Chaque étape des progrès de l’industrie micro-électronique est caractérisée par son degré de miniaturisation, indiqué conventionnellement par la longueur de la grille de ses transistors. Actuellement on en est à 5nm (nanomètres). À ce jour seules deux usines produisent de tels composants électroniques, celle de TSMC à Taïwan et celle de Samsung en Corée du Sud. TSMC travaille déjà pour le 3nm et le 2nm. Comme il s’agit de longueurs, le passage du 7nm au 5nm a multiplié par 2 le nombre de transistors par cm2.

Comme nous allons le voir, le composant actuel le plus dense, conçu par Apple sur une architecture ARM, nommé M1 Max et fabriqué par TSMC, compte 57 milliards de transistors (c’est un SoC (System on a Chip) qui comporte 10 microprocesseurs sur 432 mm2).
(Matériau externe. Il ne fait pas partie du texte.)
(* Let $Q$ be a convex polygon with finitely many sides and perimeter $L$. Parametrize its boundary by arc length $s$ measured from a fixed boundary point, let $P(s)$ be the boundary point at parameter $s$, and let $P'(s)=P(s+L/2)$ be the antipodal point. Let $\alpha(s)$ be the area of the part of $Q$ to the left of the directed line $P(s)P'(s)$ minus the area of the part to its right. Then $\alpha(s)$ is continuous and piecewise polynomial in $s$ of degree at most $2$. *)

theory Defs
  imports "HOL-Analysis.Analysis"
begin

definition cross2 :: "real^2 \<Rightarrow> real^2 \<Rightarrow> real" where
  "cross2 u v = u$1 * v$2 - u$2 * v$1"

text \<open>A convex polygon with n sides given by its vertices V 0, ..., V (n-1) listed in
  cyclic boundary order (indices taken mod n).  The orientation sign sigma is 1 for
  counterclockwise and -1 for clockwise order; strict convexity: every other vertex lies
  strictly on one side of the line through each edge.\<close>
definition convex_polygon :: "(nat \<Rightarrow> real^2) \<Rightarrow> nat \<Rightarrow> real \<Rightarrow> bool" where
  "convex_polygon V n \<sigma> \<longleftrightarrow> n \<ge> 3 \<and> (\<sigma> = 1 \<or> \<sigma> = -1) \<and>
     (\<forall>i<n. \<forall>j<n. j \<noteq> i \<and> j \<noteq> Suc i mod n \<longrightarrow>
        \<sigma> * cross2 (V (Suc i mod n) - V i) (V j - V i) > 0)"

definition polygon_region :: "(nat \<Rightarrow> real^2) \<Rightarrow> nat \<Rightarrow> (real^2) set" where
  "polygon_region V n = convex hull (V ` {..<n})"

definition edge_len :: "(nat \<Rightarrow> real^2) \<Rightarrow> nat \<Rightarrow> nat \<Rightarrow> real" where
  "edge_len V n i = dist (V i) (V (Suc i mod n))"

definition cum_len :: "(nat \<Rightarrow> real^2) \<Rightarrow> nat \<Rightarrow> nat \<Rightarrow> real" where
  "cum_len V n k = (\<Sum>i<k. edge_len V n i)"

definition perimeter :: "(nat \<Rightarrow> real^2) \<Rightarrow> nat \<Rightarrow> real" where
  "perimeter V n = cum_len V n n"

text \<open>Arc-length parametrization starting at V 0, for t in [0, L).\<close>
definition bdry_param0 :: "(nat \<Rightarrow> real^2) \<Rightarrow> nat \<Rightarrow> real \<Rightarrow> real^2" where
  "bdry_param0 V n t =
     (let i = (LEAST i. t < cum_len V n (Suc i))
      in V i + ((t - cum_len V n i) / edge_len V n i) *\<^sub>R (V (Suc i mod n) - V i))"

definition bdry_param :: "(nat \<Rightarrow> real^2) \<Rightarrow> nat \<Rightarrow> real \<Rightarrow> real^2" where
  "bdry_param V n s =
     bdry_param0 V n (s - perimeter V n * of_int \<lfloor>s / perimeter V n\<rfloor>)"

definition area_diff :: "(real^2) set \<Rightarrow> real^2 \<Rightarrow> real^2 \<Rightarrow> real" where
  "area_diff Q p q =
     measure lebesgue (Q \<inter> {x. cross2 (q - p) (x - p) > 0})
   - measure lebesgue (Q \<inter> {x. cross2 (q - p) (x - p) < 0})"

end

theory Submission
  imports Defs "HOL-Library.Periodic_Fun"
begin

text \<open>If one endpoint of a chord \<open>p q\<close> slides along a boundary edge from \<open>p\<close> to \<open>p'\<close>,
  only the points of the triangle \<open>p p' q\<close> change sides, so the signed area difference changes
  by twice its signed area, \<open>cross2 (p' - p) (q - p)\<close>.  While neither \<open>P s\<close> nor its antipode
  \<open>P (s + L/2)\<close> passes a vertex, both move affinely in \<open>s\<close>; applying this to each endpoint in
  turn shows that \<open>\<alpha>\<close> is quadratic there.  Only finitely many parameters per period are
  breakpoints, and continuity follows by gluing the pieces and periodicity.\<close>

section \<open>Chords and signed areas\<close>

lemma cross2_scaleR_decomp: "cross2 d u *\<^sub>R w = cross2 w u *\<^sub>R d + cross2 d w *\<^sub>R u"
  by (simp add: vec_eq_iff forall_2 cross2_def algebra_simps)

lemma cross2_eq_0_imp_parallel:
  assumes "cross2 d u = 0" "d \<noteq> 0"
  shows "\<exists>t. u = t *\<^sub>R d"
proof -
  define w :: "real^2" where "w = vector [- d$2, d$1]"
  have "cross2 d w \<noteq> 0"
    using assms(2) by (auto simp: w_def cross2_def vec_eq_iff forall_2 sum_squares_eq_zero_iff)
  have eq: "cross2 d w *\<^sub>R u = - cross2 w u *\<^sub>R d"
    using cross2_scaleR_decomp[of d u w] assms(1) by (simp add: eq_neg_iff_add_eq_0 add.commute)
  have "u = (1 / cross2 d w) *\<^sub>R (cross2 d w *\<^sub>R u)" using \<open>cross2 d w \<noteq> 0\<close> by simp
  also have "\<dots> = (- cross2 w u / cross2 d w) *\<^sub>R d" unfolding eq by simp
  finally have "u = (- cross2 w u / cross2 d w) *\<^sub>R d" .
  then show ?thesis ..
qed

lemma negligible_cross2_level_set:
  assumes "v \<noteq> 0"
  shows "negligible {x::real^2. cross2 v (x - p) = c}"
proof -
  define w :: "real^2" where "w = vector [- v$2, v$1]"
  have "w \<noteq> 0" using assms by (auto simp: w_def vec_eq_iff forall_2)
  have "{x::real^2. cross2 v (x - p) = c} = {x. w \<bullet> x = c + cross2 v p}"
    by (auto simp: w_def cross2_def inner_vec_def sum_2 algebra_simps)
  then show ?thesis using negligible_hyperplane[of w] \<open>w \<noteq> 0\<close> by simp
qed

lemma closed_segment_subset_affine_image:
  fixes A U :: "'a::real_vector"
  assumes "a \<le> b" and f: "\<And>t. t \<in> {a..b} \<Longrightarrow> f t = A + t *\<^sub>R U"
  shows "closed_segment (f a) (f b) \<subseteq> f ` {a..b}"
proof -
  have "closed_segment (t0 *\<^sub>R U) (t1 *\<^sub>R U) = (\<lambda>t. t *\<^sub>R U) ` closed_segment t0 t1" for t0 t1
    by (rule closed_segment_linear_image) (rule linear_scaleR_left)
  then have "closed_segment (f a) (f b) = (\<lambda>t. A + t *\<^sub>R U) ` {a..b}"
    using assms by (simp add: closed_segment_translation image_image closed_segment_eq_real_ivl1)
  also have "\<dots> = f ` {a..b}" using f by (intro image_cong) auto
  finally show ?thesis by simp
qed

lemma cross2_affine_quadratic:
  "\<exists>a b c. \<forall>s::real. cross2 (X + s *\<^sub>R U) (Y + s *\<^sub>R W) = a + b * s + c * s\<^sup>2"
  by (intro exI[of _ "cross2 X Y"] exI[of _ "cross2 X W + cross2 U Y"] exI[of _ "cross2 U W"])
    (simp add: cross2_def algebra_simps power2_eq_square)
Si TSMC et Samsung se partagent le marché des processeurs de pointe, ils utilisent pour les fabriquer des machines de photolithographie appelées scanners, pour lesquels il y a un seul producteur : le Néerlandais ASML, appuyé par l’Institut de microélectronique et composants belge IMEC. Étant donnée la finesse de dessin des circuits, ces appareils utilisent des longueurs d’onde dans l’ultra-violet extrême (EUV), et comme cela ne suffit pas ils utilisent des phénomènes de réfraction dans l’eau pour obtenir la finesse voulue : Lenses & mirrors : The complex optical systems in our machines reduce the image printed on a wafer to the nanometer level. Les optiques sont fabriquées par Zeiss.

 Comment Apple a imposé le 5 nanomètres

À l’époque de la génération 10nm (2017), ASML avait beaucoup de mal à obtenir les résultats voulus pour passer au 7 puis au 5nm, et essayait de convaincre ses clients (Intel, Samsung, TSMC, Global Foundries...) de contribuer au financement, mais personne ne voulait s’aventurer sur ce terrain très risqué, et chacun se déclarait satisfait avec le 10nm, à la rigueur 7nm.

C’est Apple, un des gros clients de TSMC, qui a exigé des composants en 5nm, et qui d’ailleurs en a financé les développements conjoints avec ASML : ASML is the key to Intel’s Resurrection Just like ASML helped TSMC beat Intel.

C’est donc grâce à Apple que TSMC et ASML ont pris un avantage décisif sur leurs concurrents : Its all about the Transistors- 57 Billion reasons why Apple/TSMC are crushing it,

Intel paie aujourd’hui le prix d’avoir confié son gouvernail à un gestionnaire : ils ont pris un retard considérable sur leurs concurrents, avec une architecture franchement obsolète qui ne survit que par la grâce d’une base considérable de logiciels existants (comme IBM, mutatis mutandis). En 2012 Intel avait investi 15% du capital d’ASML, puis avait tout revendu avec de grosses plus-values une fois les résultats atteints. Aujourd’hui Intel aurait grand besoin d’investisseurs à son secours. Peut-être ASML...

 Production de silicium et de wafers

Il n’est pas évident de le trouver, cet article un peu ancien de L’Usine nouvelle nous apprend qui produit les wafers. Et l’article adéquat de Wikipédia nous apprend comment on obtient le silicium de qualité voulue.